The award of damages must be based solely on the authority of Title VII. The purpose of Title VII relief is to "make whole" victims of unlawful discrimination.55 To accomplish this purpose, the statute "vests broad equitable discretion in the federal courts,"56 to fashion the "most complete relief possible."57 We review each of the separate items of damage assessed by the district court.
A. Back Pay
Weaver sought back pay at the operations-manager-salary level from his termination date in April, 1984, up to the date of trial. Having found that Casa Gallardo discriminated against him, Weaver is "presumptively entitled to back pay."58
Casa Gallardo contends that Weaver is not entitled to any back pay award or damages. It first asserts that Weaver sought only promotion to the Operations-Manager position awarded to Matseas. That position, Casa Gallardo argues, was eliminated by David Lane in a corporate reorganization. The district court, however, determined in the first phase of the trial that Weaver had applied for and was unlawfully denied the operations manager position awarded Geiger as well as the position awarded Matseas. The position held by Geiger was never eliminated.

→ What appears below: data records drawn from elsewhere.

lemma sum_sqrt_coeff_nonneg: "0 \<le> (\<Sum>k\<le>m. sqrt_coeff k)"
proof -
  have "(\<Sum>k\<le>m. sqrt_coeff k) = (\<Sum>k\<le>m. ((1/2::real) gchoose k) * (- 1) ^ k)"
    by (simp add: sqrt_coeff_def mult.commute)
  also have "\<dots> = (- 1) ^ m * ((1/2 - 1::real) gchoose m)" by (rule gbinomial_sum_lower_neg)
  also have "\<dots> = ((of_nat m - 1/2) gchoose m)"
    by (subst gbinomial_negated_upper) (simp add: power_mult_distrib[symmetric])
  also have "\<dots> \<ge> 0"
    unfolding gbinomial_prod_rev by (intro divide_nonneg_pos prod_nonneg) auto
  finally show ?thesis .
qed

lemma sum_abs_sqrt_coeff: "(\<Sum>k\<le>m. \<bar>sqrt_coeff k\<bar>) = 2 - (\<Sum>k\<le>m. sqrt_coeff k)"
proof (induction m)
  case (Suc m)
  then show ?case using sqrt_coeff_nonpos[of "Suc m"] by simp
qed simp

lemma summable_abs_sqrt_coeff: "summable (\<lambda>n. \<bar>sqrt_coeff n\<bar>)"
  by (rule bounded_imp_summable[where B = 2]) (auto simp: sum_abs_sqrt_coeff sum_sqrt_coeff_nonneg)

lemma suminf_abs_sqrt_coeff_le: "(\<Sum>n. \<bar>sqrt_coeff n\<bar>) \<le> 2"
  using summable_LIMSEQ'[OF summable_abs_sqrt_coeff]
  by (rule LIMSEQ_le_const2) (auto simp: sum_abs_sqrt_coeff sum_sqrt_coeff_nonneg)

lemma sqrt_coeff_convolution:
  "(\<Sum>i\<le>k. sqrt_coeff i * sqrt_coeff (k - i)) = (if k = 0 then 1 else if k = 1 then -1 else 0)"
proof -
  have "(\<Sum>i\<le>k. sqrt_coeff i * sqrt_coeff (k - i))
      = (\<Sum>i\<le>k. (-1) ^ k * (((1/2::real) gchoose i) * ((1/2) gchoose (k - i))))"
    by (intro sum.cong refl) (simp add: sqrt_coeff_def power_add[symmetric])
  also have "\<dots> = (-1) ^ k * (\<Sum>i=0..k. ((1/2::real) gchoose i) * ((1/2) gchoose (k - i)))"
    by (simp add: sum_distrib_left atMost_atLeast0)
  also have "\<dots> = (-1) ^ k * ((1/2 + 1/2::real) gchoose k)" by (simp only: gbinomial_Vandermonde)
  also have "\<dots> = (-1) ^ k * real (1 choose k)" by (simp add: binomial_gbinomial)
  also have "\<dots> = (if k = 0 then 1 else if k = 1 then -1 else 0)"
    by (cases k) (auto simp: binomial_eq_0)
  finally show ?thesis .
qed

lemma norm_sqrt_series_term_le:
  fixes x :: "'a::real_normed_algebra_1"
  assumes "norm x \<le> 1"
  shows "norm (sqrt_coeff n *\<^sub>R x ^ n) \<le> \<bar>sqrt_coeff n\<bar>"
proof -
  have "norm (x ^ n) \<le> 1"
    using order_trans[OF norm_power_ineq power_le_one[OF norm_ge_zero assms]] .
  then show ?thesis by (simp add: mult_left_le)
qed

lemma summable_norm_sqrt_series:
  "norm (x::'a::real_normed_algebra_1) \<le> 1 \<Longrightarrow> summable (\<lambda>n. norm (sqrt_coeff n *\<^sub>R x ^ n))"
  by (rule summable_comparison_test'[OF summable_abs_sqrt_coeff])
    (use norm_sqrt_series_term_le in auto)

lemma summable_sqrt_series:
  "norm (x::'a::{real_normed_algebra_1,banach}) \<le> 1 \<Longrightarrow> summable (\<lambda>n. sqrt_coeff n *\<^sub>R x ^ n)"
  by (rule summable_norm_cancel[OF summable_norm_sqrt_series])

lemma sqrt_one_minus_square:
  fixes x :: "'a::{real_normed_algebra_1,banach}"
  assumes "norm x \<le> 1"
  shows "sqrt_one_minus x * sqrt_one_minus x = 1 - x"
proof -
  define f :: "nat \<Rightarrow> 'a" where
    "f k = (if k = 0 then 1 else if k = 1 then -1 else (0::real)) *\<^sub>R x ^ k" for k
  have "(\<lambda>k. \<Sum>i\<le>k. sqrt_coeff i *\<^sub>R x ^ i * (sqrt_coeff (k - i) *\<^sub>R x ^ (k - i)))
      sums (sqrt_one_minus x * sqrt_one_minus x)"
    unfolding sqrt_one_minus_def
    by (rule Cauchy_product_sums; rule summable_norm_sqrt_series[OF assms])
  moreover have "(\<Sum>i\<le>k. sqrt_coeff i *\<^sub>R x ^ i * (sqrt_coeff (k - i) *\<^sub>R x ^ (k - i))) = f k" for k
  proof -
    have "(\<Sum>i\<le>k. sqrt_coeff i *\<^sub>R x ^ i * (sqrt_coeff (k - i) *\<^sub>R x ^ (k - i)))
        = (\<Sum>i\<le>k. (sqrt_coeff i * sqrt_coeff (k - i)) *\<^sub>R x ^ k)"
      by (intro sum.cong refl) (simp add: power_add[symmetric])
    also have "\<dots> = (\<Sum>i\<le>k. sqrt_coeff i * sqrt_coeff (k - i)) *\<^sub>R x ^ k"
      by (simp add: scaleR_sum_left)
    finally show ?thesis by (simp only: sqrt_coeff_convolution f_def)
  qed
  ultimately have "f sums (sqrt_one_minus x * sqrt_one_minus x)" by simp
  moreover have "f sums (1 - x)"
  proof -
    have "(\<lambda>k. f (Suc (Suc k))) sums 0" by (simp add: f_def)
    then have "(\<lambda>k. f (Suc k)) sums (0 + f 1)" using sums_Suc_iff[of "\<lambda>k. f (Suc k)" 0] by simp
    then have "f sums (0 + f 1 + f 0)" using sums_Suc_iff[of f "0 + f 1"] by simp
    then show ?thesis by (simp add: f_def)
  qed
  ultimately show ?thesis using sums_unique2 by metis
qed

lemma norm_one_minus_sqrt_one_minus_le:
  fixes x :: "'a::{real_normed_algebra_1,banach}"
  assumes "norm x \<le> 1"
  shows "norm (1 - sqrt_one_minus x) \<le> 1"
proof -
  let ?a = "\<lambda>n. sqrt_coeff n *\<^sub>R x ^ n"
  have sa: "summable (\<lambda>n. norm (?a (Suc n)))"
    using summable_norm_sqrt_series[OF assms] by (subst summable_Suc_iff)
  have "sqrt_one_minus x = (\<Sum>n. ?a (Suc n)) + 1"
    unfolding sqrt_one_minus_def
    using suminf_split_head[OF summable_sqrt_series[OF assms]] by simp
  then have "norm (1 - sqrt_one_minus x) = norm (\<Sum>n. ?a (Suc n))"
    by (metis add_diff_cancel_right' norm_minus_commute)
  also have "\<dots> \<le> (\<Sum>n. norm (?a (Suc n)))" by (rule summable_norm[OF sa])
  also have "\<dots> \<le> (\<Sum>n. \<bar>sqrt_coeff (Suc n)\<bar>)"
    using summable_abs_sqrt_coeff
    by (intro suminf_le sa norm_sqrt_series_term_le assms) (subst summable_Suc_iff)
  also have "\<dots> = (\<Sum>n. \<bar>sqrt_coeff n\<bar>) - 1"
    using suminf_split_head[OF summable_abs_sqrt_coeff] by simp
  also have "\<dots> \<le> 1" using suminf_abs_sqrt_coeff_le by simp
  finally show ?thesis .
qed

lemma sqrt_one_minus_commute:
  fixes x y :: "'a::{real_normed_algebra_1,banach}"
  assumes "norm x \<le> 1" "y * x = x * y"
  shows "y * sqrt_one_minus x = sqrt_one_minus x * y"
proof -
  note s = summable_sqrt_series[OF assms(1)]
  have "y * sqrt_one_minus x = (\<Sum>n. y * (sqrt_coeff n *\<^sub>R x ^ n))"
    unfolding sqrt_one_minus_def by (rule suminf_mult[OF s, symmetric])
  also have "\<dots> = (\<Sum>n. sqrt_coeff n *\<^sub>R x ^ n * y)"
    using power_commuting_commutes[OF assms(2)[symmetric]] by simp
  also have "\<dots> = sqrt_one_minus x * y"
    unfolding sqrt_one_minus_def by (rule suminf_mult2[OF s, symmetric])
  finally show ?thesis .
qed

lemma invol_sqrt_one_minus:
  fixes x :: "'a::cstar_algebra"
  assumes "norm x \<le> 1" "invol x = x"
  shows "invol (sqrt_one_minus x) = sqrt_one_minus x"
proof -
  note s = summable_sqrt_series[OF assms(1)]
  show ?thesis
    unfolding sqrt_one_minus_def bounded_linear.suminf[OF bounded_linear_invol s]
    by (simp add: invol_scaleR invol_power assms(2))
qed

Casa Gallardo next contends that the sale of its assets to the El Torito restaurant chain in November, 1985, severs all of its back pay liability as of that date. The sale of corporate assets to a successor corporation does not necessarily limit the predecessor corporation's liability for back pay subsequent to the sale. Indeed, a Title VII plaintiff may be barred from seeking back-pay liability from a successor corporation if the predecessor corporation is fully able to provide relief.59 The employer's liability should be based on the extent to which its illegal action "proximately cause[d] plaintiff's damages."60
As we noted in Nord v. U.S. Steel Corporation,61 the victim of discrimination is "entitled to whatever employment opportunities the other [employees] were given...." The district court correctly observed that Title VII should not put the prevailing claimant in a better position than similar employees who were not discriminated against, but conversely he should not be disadvantaged. Instead, he should be restored to or compensated for the employment opportunities that were available to other management personnel at Casa Gallardo.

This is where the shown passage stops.